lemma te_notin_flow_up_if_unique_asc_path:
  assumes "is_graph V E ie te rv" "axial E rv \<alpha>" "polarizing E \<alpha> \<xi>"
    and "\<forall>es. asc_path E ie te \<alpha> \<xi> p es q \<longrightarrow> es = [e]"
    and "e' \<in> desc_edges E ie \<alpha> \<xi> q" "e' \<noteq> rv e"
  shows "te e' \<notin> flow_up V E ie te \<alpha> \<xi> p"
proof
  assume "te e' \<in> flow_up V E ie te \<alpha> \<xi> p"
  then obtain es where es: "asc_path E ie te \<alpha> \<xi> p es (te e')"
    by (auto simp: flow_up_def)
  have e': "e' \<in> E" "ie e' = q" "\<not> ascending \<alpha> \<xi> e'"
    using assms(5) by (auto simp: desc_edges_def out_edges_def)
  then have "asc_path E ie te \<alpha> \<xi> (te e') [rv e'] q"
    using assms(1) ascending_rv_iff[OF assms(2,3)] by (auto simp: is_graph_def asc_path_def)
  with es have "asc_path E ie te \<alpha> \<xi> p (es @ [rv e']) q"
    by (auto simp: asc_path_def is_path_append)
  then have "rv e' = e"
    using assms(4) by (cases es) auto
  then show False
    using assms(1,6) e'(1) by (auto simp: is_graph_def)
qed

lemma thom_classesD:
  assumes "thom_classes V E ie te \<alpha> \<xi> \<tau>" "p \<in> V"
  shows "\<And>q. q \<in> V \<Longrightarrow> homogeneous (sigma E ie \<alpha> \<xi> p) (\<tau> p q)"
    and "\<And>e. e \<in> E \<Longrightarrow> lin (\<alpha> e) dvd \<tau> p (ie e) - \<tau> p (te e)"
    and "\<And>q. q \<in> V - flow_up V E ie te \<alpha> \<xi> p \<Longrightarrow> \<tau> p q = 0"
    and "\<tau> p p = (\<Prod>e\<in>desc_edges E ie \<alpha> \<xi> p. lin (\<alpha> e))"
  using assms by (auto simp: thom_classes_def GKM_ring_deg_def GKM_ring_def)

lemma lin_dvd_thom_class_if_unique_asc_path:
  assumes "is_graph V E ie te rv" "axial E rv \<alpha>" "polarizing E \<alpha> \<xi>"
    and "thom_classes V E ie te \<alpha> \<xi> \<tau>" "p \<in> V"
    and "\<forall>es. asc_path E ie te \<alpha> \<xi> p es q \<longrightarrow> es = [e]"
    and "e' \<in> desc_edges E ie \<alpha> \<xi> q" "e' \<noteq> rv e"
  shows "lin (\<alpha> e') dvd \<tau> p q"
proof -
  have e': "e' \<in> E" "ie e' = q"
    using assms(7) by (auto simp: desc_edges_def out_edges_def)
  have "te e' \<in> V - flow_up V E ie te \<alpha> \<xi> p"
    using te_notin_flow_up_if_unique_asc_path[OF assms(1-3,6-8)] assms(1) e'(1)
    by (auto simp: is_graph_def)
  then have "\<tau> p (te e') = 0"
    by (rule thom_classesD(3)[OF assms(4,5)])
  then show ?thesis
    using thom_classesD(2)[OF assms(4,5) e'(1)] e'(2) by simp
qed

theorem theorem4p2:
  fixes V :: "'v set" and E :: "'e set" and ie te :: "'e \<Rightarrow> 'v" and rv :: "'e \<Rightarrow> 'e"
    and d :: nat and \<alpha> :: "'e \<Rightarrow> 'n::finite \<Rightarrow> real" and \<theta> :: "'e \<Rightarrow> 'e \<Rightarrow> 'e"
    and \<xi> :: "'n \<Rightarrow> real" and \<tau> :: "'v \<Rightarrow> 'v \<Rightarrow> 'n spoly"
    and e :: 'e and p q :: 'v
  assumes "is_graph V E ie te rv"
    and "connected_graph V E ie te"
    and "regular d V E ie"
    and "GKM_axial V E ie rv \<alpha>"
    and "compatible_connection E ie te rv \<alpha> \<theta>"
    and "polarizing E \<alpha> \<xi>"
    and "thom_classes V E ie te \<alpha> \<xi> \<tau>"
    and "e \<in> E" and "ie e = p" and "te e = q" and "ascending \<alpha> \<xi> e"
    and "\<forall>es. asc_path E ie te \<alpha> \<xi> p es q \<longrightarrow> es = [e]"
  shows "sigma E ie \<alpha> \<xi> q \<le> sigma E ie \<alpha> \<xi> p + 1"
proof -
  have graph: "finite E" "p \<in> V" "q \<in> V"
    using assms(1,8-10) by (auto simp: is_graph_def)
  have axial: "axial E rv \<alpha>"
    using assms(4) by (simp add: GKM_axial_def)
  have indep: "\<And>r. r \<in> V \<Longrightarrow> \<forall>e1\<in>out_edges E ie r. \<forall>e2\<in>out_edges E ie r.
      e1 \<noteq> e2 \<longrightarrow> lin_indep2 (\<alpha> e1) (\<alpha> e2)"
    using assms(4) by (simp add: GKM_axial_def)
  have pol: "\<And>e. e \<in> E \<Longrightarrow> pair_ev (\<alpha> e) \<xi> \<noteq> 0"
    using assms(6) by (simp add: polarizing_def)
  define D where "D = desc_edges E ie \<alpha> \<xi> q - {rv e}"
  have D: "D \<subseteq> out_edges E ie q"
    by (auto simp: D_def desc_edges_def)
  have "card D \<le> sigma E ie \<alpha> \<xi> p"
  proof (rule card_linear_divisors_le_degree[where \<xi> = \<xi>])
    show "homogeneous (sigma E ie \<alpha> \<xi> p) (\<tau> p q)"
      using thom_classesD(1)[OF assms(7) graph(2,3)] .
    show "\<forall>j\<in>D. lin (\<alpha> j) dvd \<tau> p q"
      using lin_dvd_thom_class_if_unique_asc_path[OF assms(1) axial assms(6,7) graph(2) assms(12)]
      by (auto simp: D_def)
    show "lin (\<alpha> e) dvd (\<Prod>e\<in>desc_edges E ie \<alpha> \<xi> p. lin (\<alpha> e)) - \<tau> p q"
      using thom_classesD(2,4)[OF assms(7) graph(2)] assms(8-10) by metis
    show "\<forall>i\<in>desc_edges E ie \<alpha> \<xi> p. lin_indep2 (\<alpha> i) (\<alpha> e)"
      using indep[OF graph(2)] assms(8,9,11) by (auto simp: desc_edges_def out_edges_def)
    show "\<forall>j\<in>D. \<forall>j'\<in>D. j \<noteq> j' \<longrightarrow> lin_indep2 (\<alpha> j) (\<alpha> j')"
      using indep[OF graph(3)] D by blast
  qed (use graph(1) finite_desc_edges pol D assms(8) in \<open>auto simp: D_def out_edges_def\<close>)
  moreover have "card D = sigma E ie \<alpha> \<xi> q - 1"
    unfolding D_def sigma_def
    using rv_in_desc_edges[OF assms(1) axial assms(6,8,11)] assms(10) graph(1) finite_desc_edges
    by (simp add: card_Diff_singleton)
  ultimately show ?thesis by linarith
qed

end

◇ ◇ ◇ ◇

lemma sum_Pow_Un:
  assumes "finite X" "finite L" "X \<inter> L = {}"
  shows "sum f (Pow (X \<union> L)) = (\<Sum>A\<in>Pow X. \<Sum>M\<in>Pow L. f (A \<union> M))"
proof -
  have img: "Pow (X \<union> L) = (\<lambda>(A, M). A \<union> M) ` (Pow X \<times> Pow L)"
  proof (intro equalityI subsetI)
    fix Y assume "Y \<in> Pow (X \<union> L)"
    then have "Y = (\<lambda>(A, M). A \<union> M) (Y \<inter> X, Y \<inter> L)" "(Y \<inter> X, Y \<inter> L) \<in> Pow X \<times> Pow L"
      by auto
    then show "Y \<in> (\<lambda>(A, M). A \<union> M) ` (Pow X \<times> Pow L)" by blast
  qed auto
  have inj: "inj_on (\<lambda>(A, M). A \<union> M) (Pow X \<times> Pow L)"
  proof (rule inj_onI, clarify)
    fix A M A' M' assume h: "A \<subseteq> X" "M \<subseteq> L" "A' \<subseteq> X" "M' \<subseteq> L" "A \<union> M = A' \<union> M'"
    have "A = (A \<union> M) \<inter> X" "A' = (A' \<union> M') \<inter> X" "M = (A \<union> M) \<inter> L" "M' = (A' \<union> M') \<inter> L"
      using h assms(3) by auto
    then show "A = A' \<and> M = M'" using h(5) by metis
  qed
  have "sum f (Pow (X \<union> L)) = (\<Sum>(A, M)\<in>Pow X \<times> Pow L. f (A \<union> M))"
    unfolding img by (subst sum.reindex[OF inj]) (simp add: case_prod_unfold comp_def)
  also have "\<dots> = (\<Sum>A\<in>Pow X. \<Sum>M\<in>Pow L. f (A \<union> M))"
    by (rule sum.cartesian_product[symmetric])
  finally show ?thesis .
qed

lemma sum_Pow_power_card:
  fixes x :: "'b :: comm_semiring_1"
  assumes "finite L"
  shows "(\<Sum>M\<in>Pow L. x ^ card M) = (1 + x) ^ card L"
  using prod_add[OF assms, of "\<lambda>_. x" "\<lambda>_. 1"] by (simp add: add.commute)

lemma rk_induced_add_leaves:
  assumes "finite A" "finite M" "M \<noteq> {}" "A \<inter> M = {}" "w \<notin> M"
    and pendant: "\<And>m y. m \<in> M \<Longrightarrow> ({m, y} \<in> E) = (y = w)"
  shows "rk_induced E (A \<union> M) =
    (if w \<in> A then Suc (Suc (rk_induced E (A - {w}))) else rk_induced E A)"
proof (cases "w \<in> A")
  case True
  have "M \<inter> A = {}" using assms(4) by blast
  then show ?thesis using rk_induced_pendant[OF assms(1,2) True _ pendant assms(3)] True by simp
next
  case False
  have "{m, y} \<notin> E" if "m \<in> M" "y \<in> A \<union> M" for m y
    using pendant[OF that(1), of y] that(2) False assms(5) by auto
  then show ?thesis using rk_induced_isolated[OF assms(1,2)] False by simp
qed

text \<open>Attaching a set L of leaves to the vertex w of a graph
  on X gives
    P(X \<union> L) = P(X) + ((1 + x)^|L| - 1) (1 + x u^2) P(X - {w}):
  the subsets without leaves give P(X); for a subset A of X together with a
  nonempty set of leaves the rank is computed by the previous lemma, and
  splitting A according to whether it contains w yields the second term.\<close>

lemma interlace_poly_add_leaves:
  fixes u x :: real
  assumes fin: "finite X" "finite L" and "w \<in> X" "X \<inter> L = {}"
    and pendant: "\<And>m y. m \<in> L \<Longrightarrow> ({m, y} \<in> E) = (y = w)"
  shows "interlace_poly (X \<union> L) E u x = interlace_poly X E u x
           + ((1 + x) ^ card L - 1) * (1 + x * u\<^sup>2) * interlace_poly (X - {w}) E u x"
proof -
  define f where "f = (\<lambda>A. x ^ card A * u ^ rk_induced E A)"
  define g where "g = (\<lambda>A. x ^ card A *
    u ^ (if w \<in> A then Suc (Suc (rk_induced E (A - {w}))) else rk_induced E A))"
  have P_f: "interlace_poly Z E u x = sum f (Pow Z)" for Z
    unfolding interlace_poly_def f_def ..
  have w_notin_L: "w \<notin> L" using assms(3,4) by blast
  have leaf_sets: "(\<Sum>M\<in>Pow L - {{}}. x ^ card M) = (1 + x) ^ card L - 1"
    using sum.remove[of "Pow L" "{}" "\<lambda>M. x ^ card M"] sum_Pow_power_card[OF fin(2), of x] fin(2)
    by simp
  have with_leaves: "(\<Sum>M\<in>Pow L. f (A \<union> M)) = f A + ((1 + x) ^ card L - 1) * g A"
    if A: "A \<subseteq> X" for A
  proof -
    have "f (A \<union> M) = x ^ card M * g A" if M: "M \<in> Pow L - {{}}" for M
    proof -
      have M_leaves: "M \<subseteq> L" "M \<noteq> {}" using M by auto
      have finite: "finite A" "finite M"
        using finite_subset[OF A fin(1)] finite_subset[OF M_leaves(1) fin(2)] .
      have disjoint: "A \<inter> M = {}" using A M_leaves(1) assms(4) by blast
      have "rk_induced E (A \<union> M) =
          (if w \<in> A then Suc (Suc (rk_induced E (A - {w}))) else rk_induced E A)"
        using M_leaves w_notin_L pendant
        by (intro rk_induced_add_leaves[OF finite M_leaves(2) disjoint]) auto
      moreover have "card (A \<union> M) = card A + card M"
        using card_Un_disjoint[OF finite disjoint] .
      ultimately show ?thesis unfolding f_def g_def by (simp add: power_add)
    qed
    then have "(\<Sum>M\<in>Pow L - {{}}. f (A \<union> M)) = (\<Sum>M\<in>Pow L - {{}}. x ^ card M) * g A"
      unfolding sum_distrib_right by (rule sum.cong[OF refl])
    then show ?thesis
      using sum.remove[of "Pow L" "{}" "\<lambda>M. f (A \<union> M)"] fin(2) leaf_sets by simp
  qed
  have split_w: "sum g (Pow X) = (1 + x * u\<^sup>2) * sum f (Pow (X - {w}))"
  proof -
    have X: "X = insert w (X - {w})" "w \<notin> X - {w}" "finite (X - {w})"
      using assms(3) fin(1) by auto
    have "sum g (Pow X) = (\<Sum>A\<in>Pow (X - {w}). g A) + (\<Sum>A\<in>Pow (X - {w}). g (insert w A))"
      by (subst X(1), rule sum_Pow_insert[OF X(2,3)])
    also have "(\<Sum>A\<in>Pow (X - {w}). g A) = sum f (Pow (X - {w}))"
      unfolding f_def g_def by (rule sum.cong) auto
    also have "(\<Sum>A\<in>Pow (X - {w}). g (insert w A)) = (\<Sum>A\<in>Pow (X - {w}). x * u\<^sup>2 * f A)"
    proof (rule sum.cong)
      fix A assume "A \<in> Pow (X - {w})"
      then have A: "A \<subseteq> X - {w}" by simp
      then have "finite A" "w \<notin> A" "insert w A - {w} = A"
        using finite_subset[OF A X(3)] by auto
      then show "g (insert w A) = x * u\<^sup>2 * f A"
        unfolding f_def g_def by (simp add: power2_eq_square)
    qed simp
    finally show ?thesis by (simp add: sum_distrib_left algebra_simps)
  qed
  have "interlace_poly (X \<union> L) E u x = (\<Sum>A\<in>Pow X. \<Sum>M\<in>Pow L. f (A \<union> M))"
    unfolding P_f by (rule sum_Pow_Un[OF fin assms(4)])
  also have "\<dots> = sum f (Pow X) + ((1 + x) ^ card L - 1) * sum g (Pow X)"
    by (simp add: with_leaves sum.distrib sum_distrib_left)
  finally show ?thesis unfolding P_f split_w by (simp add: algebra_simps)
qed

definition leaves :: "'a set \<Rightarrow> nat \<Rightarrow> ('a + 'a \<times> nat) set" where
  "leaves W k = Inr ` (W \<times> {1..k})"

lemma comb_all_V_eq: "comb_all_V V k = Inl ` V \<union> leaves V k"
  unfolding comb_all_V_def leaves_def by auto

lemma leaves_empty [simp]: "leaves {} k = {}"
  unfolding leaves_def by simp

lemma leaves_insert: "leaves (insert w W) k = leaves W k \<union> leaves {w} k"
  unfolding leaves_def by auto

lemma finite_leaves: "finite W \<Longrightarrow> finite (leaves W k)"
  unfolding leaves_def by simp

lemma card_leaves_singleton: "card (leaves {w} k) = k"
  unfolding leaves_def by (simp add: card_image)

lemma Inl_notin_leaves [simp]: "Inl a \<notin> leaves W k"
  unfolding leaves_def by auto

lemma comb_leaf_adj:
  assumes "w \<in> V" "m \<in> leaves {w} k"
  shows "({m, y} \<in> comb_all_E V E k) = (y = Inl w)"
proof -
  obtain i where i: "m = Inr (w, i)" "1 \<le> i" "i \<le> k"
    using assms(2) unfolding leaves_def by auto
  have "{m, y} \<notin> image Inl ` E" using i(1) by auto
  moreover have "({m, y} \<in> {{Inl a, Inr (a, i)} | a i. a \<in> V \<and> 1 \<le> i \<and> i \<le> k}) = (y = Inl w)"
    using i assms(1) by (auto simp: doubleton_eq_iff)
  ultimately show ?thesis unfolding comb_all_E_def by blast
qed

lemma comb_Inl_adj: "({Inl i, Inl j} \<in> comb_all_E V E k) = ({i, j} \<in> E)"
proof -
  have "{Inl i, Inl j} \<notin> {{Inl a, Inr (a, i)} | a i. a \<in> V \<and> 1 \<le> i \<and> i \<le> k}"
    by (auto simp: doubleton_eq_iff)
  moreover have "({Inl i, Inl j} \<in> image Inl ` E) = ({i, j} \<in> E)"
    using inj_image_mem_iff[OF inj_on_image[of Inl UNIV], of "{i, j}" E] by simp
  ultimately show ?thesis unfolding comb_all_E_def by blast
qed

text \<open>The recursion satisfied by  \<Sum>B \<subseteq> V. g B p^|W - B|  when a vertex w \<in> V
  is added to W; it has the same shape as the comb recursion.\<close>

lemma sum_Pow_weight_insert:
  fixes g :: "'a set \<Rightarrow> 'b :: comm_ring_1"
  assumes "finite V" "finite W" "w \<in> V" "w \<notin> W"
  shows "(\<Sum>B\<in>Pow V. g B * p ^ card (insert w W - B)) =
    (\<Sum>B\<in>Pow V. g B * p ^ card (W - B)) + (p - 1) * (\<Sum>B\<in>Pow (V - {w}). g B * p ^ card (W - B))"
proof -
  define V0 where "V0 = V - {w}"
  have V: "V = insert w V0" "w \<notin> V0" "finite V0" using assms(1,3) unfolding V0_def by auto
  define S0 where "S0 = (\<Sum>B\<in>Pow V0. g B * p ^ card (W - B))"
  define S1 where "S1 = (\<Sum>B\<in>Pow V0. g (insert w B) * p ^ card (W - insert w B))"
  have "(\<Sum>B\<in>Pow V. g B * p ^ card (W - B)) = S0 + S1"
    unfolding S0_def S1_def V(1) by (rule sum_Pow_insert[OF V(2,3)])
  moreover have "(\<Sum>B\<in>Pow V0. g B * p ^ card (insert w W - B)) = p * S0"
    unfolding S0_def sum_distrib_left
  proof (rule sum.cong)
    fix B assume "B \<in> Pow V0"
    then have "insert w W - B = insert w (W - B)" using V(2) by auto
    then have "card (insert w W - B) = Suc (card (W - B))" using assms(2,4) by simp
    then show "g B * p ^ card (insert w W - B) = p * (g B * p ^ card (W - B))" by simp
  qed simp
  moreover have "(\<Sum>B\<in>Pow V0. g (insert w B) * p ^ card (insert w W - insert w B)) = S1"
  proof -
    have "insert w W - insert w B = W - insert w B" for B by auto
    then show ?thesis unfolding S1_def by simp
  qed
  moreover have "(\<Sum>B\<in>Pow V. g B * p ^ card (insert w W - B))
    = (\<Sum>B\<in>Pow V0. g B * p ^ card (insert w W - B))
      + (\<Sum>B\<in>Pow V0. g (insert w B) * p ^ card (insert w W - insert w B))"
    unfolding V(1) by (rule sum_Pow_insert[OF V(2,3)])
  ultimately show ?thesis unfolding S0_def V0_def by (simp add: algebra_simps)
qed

◇ ◇ ◇ ◇

In the records above, the line with "using assms(4) by (cases es) auto" marks the start and the line with "E \<Longrightarrow> lin" marks the end; copy that stretch exactly, both lines included, and nothing else.

Expected answer –
    using assms(4) by (cases es) auto
  then show False
    using assms(1,6) e'(1) by (auto simp: is_graph_def)
qed

lemma thom_classesD:
  assumes "thom_classes V E ie te \<alpha> \<xi> \<tau>" "p \<in> V"
  shows "\<And>q. q \<in> V \<Longrightarrow> homogeneous (sigma E ie \<alpha> \<xi> p) (\<tau> p q)"
    and "\<And>e. e \<in> E \<Longrightarrow> lin (\<alpha> e) dvd \<tau> p (ie e) - \<tau> p (te e)"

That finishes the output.